DESCRIPTION OF THE TASK: Between the line containing "Laurent series; the" and the line containing "function (lambda, mu)" lies a run of lines; give that run again exactly, with both of those lines, and nothing else from the entries below.

INFORMATION GIVEN:
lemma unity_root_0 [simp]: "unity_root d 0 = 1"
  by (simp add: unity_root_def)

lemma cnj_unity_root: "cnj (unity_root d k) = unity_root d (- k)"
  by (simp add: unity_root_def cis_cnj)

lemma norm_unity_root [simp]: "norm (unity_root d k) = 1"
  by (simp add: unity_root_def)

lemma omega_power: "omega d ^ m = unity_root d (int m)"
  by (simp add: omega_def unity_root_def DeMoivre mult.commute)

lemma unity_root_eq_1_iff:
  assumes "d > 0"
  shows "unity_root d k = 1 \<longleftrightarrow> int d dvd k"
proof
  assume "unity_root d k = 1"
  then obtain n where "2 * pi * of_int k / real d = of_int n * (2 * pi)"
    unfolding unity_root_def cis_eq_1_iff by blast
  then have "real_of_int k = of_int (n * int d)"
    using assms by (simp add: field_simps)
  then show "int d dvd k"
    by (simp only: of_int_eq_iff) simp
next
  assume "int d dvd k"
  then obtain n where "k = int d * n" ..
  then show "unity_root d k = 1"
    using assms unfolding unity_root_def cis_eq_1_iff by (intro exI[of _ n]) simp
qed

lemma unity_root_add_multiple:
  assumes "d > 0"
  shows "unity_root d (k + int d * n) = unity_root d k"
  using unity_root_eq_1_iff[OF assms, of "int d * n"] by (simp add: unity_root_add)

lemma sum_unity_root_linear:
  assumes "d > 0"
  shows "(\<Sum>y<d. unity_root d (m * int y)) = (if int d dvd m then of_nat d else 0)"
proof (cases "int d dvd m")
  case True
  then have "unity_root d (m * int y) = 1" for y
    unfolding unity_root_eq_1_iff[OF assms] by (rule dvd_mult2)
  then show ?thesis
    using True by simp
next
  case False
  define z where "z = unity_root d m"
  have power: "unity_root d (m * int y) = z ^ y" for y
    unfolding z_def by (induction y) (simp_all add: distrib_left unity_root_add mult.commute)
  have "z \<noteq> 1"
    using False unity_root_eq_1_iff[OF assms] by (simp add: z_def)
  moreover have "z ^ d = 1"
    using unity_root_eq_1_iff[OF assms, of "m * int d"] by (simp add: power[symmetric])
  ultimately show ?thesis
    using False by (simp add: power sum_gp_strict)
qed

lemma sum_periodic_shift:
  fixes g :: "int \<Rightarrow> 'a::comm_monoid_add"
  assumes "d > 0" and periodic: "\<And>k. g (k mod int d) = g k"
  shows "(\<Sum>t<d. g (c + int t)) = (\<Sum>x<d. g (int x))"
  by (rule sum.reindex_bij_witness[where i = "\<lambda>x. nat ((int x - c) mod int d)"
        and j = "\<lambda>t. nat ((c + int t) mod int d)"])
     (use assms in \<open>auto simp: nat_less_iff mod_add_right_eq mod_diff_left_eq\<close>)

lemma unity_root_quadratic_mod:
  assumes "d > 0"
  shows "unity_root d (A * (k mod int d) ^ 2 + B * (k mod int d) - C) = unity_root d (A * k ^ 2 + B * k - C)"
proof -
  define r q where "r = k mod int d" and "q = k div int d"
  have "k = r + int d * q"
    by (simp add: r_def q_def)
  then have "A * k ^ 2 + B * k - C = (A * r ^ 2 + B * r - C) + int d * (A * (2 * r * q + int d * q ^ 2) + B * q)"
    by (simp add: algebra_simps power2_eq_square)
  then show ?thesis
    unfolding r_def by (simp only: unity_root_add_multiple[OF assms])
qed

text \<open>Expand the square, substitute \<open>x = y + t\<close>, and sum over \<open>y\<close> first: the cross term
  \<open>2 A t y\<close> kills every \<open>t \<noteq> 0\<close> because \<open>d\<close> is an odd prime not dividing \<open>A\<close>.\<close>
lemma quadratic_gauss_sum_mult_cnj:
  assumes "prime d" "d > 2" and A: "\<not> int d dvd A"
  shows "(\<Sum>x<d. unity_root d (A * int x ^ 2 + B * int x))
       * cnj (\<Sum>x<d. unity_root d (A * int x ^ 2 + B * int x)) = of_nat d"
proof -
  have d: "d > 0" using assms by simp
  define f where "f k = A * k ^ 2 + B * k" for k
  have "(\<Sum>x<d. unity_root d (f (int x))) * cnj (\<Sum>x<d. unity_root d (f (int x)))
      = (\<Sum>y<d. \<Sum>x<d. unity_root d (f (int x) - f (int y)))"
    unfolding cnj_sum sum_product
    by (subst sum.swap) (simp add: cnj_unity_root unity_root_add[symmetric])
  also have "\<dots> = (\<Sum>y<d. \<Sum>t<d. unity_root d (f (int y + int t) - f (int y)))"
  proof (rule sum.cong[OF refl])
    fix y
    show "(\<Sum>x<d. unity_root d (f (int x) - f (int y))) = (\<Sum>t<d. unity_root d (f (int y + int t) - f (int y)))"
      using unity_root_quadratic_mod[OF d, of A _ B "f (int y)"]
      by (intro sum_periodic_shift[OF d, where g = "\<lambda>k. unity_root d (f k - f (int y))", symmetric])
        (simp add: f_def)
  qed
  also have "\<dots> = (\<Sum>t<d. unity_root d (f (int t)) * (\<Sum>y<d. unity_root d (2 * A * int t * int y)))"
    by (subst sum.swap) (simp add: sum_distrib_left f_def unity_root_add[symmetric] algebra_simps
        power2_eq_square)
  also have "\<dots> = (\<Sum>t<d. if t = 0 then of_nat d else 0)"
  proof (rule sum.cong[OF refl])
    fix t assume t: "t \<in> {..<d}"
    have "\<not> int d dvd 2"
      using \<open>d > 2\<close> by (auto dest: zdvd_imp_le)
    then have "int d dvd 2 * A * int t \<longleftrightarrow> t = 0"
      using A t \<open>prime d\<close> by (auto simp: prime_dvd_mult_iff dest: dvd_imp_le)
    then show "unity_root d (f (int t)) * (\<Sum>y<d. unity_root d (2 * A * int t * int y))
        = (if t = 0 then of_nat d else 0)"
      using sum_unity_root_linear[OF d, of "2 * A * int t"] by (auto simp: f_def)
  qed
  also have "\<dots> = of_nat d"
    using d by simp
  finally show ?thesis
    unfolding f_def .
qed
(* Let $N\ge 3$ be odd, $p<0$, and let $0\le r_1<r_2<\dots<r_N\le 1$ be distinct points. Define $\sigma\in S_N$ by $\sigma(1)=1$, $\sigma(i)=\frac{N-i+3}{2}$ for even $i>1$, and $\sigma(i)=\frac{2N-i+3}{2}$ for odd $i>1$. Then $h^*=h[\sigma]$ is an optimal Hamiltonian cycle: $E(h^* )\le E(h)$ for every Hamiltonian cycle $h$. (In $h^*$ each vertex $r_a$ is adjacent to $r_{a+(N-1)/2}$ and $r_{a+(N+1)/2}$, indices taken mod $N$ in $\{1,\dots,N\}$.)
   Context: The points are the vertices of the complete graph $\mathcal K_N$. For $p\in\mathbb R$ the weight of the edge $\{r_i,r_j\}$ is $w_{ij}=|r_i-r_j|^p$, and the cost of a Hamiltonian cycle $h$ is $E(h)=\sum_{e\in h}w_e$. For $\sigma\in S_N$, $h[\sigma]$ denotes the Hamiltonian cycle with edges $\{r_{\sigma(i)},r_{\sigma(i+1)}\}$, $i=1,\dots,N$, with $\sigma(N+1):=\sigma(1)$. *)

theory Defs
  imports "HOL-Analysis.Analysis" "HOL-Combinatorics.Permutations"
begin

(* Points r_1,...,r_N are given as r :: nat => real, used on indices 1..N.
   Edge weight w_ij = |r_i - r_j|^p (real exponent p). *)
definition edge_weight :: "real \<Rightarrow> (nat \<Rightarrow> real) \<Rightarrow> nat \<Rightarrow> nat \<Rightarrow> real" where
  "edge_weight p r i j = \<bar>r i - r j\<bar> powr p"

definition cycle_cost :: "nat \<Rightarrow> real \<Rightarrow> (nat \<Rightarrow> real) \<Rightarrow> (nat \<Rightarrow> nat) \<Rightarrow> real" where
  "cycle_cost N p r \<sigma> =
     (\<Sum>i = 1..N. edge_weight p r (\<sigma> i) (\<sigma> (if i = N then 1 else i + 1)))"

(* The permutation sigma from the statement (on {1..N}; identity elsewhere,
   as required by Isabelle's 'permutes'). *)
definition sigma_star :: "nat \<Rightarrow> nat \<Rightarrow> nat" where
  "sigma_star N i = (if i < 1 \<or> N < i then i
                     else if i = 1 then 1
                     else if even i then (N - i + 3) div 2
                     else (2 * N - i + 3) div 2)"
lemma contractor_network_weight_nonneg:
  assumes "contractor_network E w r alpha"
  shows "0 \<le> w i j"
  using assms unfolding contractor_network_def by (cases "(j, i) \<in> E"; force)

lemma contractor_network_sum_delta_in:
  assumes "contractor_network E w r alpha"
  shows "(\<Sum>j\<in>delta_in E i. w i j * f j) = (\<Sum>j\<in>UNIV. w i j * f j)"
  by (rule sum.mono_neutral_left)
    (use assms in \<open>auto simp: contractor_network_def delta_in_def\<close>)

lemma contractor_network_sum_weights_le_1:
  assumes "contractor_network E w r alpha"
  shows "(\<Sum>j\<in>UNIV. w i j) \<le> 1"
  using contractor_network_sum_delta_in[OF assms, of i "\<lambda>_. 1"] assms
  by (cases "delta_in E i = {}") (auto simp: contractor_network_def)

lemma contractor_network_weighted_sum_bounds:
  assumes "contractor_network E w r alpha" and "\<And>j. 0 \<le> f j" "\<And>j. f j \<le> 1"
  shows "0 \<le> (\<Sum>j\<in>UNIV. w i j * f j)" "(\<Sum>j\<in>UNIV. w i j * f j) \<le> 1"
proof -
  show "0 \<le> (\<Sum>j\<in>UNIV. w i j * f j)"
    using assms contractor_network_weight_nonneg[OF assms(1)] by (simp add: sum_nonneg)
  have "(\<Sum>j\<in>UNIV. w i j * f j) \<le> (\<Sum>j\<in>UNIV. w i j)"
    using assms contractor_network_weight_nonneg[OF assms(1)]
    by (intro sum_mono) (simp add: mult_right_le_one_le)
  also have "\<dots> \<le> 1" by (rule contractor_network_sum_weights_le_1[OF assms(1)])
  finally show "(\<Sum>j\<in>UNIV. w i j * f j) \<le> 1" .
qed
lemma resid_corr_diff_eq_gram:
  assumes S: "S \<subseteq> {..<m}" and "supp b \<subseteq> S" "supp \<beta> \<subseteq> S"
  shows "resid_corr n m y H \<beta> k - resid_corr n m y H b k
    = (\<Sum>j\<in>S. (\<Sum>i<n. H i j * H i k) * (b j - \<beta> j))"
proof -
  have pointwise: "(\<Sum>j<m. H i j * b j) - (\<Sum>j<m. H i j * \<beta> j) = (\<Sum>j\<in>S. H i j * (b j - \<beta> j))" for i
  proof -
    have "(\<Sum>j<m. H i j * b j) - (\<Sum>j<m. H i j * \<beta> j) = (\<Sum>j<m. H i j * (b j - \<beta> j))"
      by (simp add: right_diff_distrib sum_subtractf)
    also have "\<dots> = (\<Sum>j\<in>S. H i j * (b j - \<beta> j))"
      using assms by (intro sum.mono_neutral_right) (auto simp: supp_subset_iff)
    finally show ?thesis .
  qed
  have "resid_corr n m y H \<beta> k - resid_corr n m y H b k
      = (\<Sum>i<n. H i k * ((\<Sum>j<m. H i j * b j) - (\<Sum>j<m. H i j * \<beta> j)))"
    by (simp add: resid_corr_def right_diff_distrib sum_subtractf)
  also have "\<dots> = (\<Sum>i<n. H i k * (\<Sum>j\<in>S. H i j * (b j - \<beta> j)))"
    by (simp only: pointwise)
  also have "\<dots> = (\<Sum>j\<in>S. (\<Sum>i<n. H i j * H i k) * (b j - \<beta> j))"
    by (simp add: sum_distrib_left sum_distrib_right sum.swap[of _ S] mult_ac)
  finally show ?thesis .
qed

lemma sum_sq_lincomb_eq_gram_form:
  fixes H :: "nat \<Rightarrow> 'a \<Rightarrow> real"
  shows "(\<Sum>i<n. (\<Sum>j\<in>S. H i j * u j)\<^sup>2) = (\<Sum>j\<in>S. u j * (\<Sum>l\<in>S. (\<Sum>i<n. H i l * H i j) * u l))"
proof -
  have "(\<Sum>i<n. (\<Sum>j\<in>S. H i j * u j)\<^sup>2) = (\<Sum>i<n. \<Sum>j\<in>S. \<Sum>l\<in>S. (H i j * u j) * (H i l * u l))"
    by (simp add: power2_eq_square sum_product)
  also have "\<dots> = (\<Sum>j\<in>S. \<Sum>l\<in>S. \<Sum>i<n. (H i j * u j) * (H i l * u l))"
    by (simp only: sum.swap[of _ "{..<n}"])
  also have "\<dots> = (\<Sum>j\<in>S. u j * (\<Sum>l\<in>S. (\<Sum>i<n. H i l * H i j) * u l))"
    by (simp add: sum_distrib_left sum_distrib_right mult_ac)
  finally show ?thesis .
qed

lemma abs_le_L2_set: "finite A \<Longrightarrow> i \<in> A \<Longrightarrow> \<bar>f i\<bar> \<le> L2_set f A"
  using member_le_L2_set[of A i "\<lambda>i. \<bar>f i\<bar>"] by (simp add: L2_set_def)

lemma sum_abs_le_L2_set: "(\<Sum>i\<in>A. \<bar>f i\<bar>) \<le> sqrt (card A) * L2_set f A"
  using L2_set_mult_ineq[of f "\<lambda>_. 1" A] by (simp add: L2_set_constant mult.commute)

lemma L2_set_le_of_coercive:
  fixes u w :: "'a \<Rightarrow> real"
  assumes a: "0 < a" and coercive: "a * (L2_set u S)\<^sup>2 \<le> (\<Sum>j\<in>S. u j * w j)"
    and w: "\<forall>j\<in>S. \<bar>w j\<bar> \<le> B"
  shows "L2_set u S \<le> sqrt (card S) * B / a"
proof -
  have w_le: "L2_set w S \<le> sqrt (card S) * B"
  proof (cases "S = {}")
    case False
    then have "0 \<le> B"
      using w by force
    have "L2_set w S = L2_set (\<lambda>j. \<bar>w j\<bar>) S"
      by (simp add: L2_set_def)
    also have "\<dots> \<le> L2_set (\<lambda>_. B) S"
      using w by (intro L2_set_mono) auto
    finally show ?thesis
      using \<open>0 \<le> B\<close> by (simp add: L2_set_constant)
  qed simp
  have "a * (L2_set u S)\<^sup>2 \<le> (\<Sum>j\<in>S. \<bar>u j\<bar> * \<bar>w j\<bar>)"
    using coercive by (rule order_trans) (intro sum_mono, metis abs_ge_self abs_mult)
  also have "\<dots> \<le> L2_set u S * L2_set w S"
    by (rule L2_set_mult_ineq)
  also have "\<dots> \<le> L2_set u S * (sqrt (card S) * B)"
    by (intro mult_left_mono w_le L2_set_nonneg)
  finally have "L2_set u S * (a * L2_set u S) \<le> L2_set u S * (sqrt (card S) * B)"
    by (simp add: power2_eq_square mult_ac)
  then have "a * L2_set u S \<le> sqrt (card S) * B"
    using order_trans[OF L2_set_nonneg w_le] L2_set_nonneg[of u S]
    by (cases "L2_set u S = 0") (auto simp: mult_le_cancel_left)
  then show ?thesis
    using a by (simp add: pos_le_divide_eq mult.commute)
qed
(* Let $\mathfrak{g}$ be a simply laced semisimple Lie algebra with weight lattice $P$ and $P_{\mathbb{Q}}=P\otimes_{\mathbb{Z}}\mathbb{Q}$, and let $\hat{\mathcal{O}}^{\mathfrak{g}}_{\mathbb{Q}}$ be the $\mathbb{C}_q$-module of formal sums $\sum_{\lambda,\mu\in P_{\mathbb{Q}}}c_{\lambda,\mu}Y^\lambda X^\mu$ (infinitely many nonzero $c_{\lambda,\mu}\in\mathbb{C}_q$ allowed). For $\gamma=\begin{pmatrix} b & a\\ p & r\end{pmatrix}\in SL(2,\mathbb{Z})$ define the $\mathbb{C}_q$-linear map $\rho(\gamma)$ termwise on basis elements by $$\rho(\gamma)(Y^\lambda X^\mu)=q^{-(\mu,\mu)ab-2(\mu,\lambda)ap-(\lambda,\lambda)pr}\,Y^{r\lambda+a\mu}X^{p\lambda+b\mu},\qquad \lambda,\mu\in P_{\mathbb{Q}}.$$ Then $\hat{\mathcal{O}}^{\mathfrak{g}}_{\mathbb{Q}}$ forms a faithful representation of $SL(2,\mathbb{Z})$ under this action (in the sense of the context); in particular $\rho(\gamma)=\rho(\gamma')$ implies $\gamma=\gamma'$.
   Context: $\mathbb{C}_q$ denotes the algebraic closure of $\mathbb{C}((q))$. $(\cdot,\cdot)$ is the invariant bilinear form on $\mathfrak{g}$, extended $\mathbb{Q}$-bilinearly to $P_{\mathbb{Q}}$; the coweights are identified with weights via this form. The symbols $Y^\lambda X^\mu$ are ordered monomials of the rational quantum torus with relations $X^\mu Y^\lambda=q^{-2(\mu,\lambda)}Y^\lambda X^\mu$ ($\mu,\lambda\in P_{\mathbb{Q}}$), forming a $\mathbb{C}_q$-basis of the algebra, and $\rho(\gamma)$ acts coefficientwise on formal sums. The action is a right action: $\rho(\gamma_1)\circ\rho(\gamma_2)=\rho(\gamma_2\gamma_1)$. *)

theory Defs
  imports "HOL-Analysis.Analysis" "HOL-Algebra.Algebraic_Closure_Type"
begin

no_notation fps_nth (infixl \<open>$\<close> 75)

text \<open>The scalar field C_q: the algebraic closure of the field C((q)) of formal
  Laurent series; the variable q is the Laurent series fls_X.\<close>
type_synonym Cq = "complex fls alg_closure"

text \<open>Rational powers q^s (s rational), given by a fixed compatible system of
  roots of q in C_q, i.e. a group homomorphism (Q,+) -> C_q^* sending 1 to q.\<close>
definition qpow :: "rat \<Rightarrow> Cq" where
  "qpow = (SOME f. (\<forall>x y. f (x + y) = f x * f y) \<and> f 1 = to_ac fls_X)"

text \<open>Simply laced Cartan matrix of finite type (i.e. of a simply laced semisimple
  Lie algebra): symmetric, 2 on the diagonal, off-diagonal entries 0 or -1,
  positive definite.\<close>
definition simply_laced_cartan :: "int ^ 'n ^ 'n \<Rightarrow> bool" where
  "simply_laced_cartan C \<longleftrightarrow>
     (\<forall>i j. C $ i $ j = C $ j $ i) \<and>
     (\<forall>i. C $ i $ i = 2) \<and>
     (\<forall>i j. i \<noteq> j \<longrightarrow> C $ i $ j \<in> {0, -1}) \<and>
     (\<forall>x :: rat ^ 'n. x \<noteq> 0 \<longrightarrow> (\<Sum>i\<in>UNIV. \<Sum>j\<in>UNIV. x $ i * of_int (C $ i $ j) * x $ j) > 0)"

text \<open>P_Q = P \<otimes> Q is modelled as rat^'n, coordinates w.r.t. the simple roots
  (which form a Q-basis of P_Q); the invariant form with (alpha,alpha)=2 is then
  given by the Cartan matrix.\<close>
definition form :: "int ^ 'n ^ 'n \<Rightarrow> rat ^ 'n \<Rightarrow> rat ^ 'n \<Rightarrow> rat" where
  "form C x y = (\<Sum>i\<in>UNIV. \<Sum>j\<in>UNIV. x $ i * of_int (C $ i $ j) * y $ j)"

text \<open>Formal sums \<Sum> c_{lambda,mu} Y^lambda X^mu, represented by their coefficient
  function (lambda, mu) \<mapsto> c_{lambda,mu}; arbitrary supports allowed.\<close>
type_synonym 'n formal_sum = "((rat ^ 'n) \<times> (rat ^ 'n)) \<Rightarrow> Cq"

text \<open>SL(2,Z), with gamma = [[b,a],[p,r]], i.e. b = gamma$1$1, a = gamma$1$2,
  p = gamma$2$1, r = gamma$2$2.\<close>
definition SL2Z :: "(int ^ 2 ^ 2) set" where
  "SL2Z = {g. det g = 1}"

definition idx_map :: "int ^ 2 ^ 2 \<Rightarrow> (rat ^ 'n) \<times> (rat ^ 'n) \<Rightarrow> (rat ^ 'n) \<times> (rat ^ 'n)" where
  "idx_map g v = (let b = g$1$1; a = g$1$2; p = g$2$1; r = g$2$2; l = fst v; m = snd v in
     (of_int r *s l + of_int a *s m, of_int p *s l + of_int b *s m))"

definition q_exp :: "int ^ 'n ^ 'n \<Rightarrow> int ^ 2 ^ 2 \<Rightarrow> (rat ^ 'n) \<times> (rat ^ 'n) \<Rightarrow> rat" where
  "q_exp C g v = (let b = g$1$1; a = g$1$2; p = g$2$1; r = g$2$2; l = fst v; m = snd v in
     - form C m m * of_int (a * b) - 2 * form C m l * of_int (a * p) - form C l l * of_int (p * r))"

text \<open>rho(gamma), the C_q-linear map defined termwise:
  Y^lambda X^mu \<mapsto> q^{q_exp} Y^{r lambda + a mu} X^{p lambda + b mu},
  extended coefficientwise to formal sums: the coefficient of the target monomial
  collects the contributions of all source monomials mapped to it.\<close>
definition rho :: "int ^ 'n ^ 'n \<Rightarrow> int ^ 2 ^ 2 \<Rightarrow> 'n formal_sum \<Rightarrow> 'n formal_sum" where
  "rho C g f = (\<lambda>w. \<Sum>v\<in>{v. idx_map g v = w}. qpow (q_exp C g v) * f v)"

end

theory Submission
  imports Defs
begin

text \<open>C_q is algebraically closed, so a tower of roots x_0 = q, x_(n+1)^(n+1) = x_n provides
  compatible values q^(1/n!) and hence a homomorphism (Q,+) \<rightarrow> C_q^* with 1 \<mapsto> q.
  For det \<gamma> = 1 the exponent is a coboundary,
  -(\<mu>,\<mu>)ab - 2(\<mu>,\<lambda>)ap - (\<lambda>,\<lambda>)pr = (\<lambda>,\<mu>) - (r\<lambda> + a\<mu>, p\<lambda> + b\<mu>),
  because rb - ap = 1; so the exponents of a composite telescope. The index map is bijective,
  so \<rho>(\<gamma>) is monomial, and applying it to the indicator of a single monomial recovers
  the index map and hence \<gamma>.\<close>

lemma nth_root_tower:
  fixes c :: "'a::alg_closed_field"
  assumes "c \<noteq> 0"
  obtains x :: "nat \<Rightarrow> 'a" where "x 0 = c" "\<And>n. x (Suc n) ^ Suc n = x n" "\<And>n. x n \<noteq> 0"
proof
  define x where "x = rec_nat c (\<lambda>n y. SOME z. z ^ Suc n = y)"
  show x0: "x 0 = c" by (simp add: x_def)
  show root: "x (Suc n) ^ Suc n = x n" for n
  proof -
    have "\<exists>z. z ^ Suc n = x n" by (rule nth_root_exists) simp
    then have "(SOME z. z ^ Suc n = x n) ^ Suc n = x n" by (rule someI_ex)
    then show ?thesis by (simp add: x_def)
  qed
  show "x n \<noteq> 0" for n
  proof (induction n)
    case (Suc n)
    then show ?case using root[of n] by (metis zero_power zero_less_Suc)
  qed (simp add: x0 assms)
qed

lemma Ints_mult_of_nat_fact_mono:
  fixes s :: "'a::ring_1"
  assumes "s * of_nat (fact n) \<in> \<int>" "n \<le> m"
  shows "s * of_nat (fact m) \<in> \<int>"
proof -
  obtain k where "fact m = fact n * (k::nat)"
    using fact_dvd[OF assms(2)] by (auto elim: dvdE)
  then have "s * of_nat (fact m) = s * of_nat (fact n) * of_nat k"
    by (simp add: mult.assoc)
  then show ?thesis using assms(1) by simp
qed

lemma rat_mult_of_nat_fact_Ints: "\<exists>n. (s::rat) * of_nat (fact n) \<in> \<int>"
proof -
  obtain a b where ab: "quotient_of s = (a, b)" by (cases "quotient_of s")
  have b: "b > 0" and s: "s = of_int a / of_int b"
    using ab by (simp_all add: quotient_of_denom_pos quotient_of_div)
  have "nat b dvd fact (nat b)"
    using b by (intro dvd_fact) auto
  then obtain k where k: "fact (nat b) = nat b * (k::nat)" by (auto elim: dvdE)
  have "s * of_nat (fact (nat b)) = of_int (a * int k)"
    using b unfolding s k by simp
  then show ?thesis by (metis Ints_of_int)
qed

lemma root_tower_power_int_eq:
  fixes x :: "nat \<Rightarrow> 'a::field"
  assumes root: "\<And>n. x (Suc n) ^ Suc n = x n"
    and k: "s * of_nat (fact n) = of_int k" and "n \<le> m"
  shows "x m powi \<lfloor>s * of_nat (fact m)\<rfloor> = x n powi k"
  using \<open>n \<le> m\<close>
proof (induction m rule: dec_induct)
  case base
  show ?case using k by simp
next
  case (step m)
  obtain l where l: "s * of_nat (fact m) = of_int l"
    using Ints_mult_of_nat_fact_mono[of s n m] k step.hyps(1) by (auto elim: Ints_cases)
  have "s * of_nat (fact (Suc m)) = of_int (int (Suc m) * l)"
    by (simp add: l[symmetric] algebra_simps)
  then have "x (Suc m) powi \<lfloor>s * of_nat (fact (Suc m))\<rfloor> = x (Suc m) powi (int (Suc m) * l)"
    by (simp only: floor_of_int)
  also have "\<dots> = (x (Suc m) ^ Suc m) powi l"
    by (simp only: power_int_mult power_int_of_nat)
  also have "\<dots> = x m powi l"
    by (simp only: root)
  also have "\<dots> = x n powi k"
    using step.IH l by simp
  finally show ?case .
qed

TASK SOLUTION:
  Laurent series; the variable q is the Laurent series fls_X.\<close>
type_synonym Cq = "complex fls alg_closure"

text \<open>Rational powers q^s (s rational), given by a fixed compatible system of
  roots of q in C_q, i.e. a group homomorphism (Q,+) -> C_q^* sending 1 to q.\<close>
definition qpow :: "rat \<Rightarrow> Cq" where
  "qpow = (SOME f. (\<forall>x y. f (x + y) = f x * f y) \<and> f 1 = to_ac fls_X)"

text \<open>Simply laced Cartan matrix of finite type (i.e. of a simply laced semisimple
  Lie algebra): symmetric, 2 on the diagonal, off-diagonal entries 0 or -1,
  positive definite.\<close>
definition simply_laced_cartan :: "int ^ 'n ^ 'n \<Rightarrow> bool" where
  "simply_laced_cartan C \<longleftrightarrow>
     (\<forall>i j. C $ i $ j = C $ j $ i) \<and>
     (\<forall>i. C $ i $ i = 2) \<and>
     (\<forall>i j. i \<noteq> j \<longrightarrow> C $ i $ j \<in> {0, -1}) \<and>
     (\<forall>x :: rat ^ 'n. x \<noteq> 0 \<longrightarrow> (\<Sum>i\<in>UNIV. \<Sum>j\<in>UNIV. x $ i * of_int (C $ i $ j) * x $ j) > 0)"

text \<open>P_Q = P \<otimes> Q is modelled as rat^'n, coordinates w.r.t. the simple roots
  (which form a Q-basis of P_Q); the invariant form with (alpha,alpha)=2 is then
  given by the Cartan matrix.\<close>
definition form :: "int ^ 'n ^ 'n \<Rightarrow> rat ^ 'n \<Rightarrow> rat ^ 'n \<Rightarrow> rat" where
  "form C x y = (\<Sum>i\<in>UNIV. \<Sum>j\<in>UNIV. x $ i * of_int (C $ i $ j) * y $ j)"

text \<open>Formal sums \<Sum> c_{lambda,mu} Y^lambda X^mu, represented by their coefficient
  function (lambda, mu) \<mapsto> c_{lambda,mu}; arbitrary supports allowed.\<close>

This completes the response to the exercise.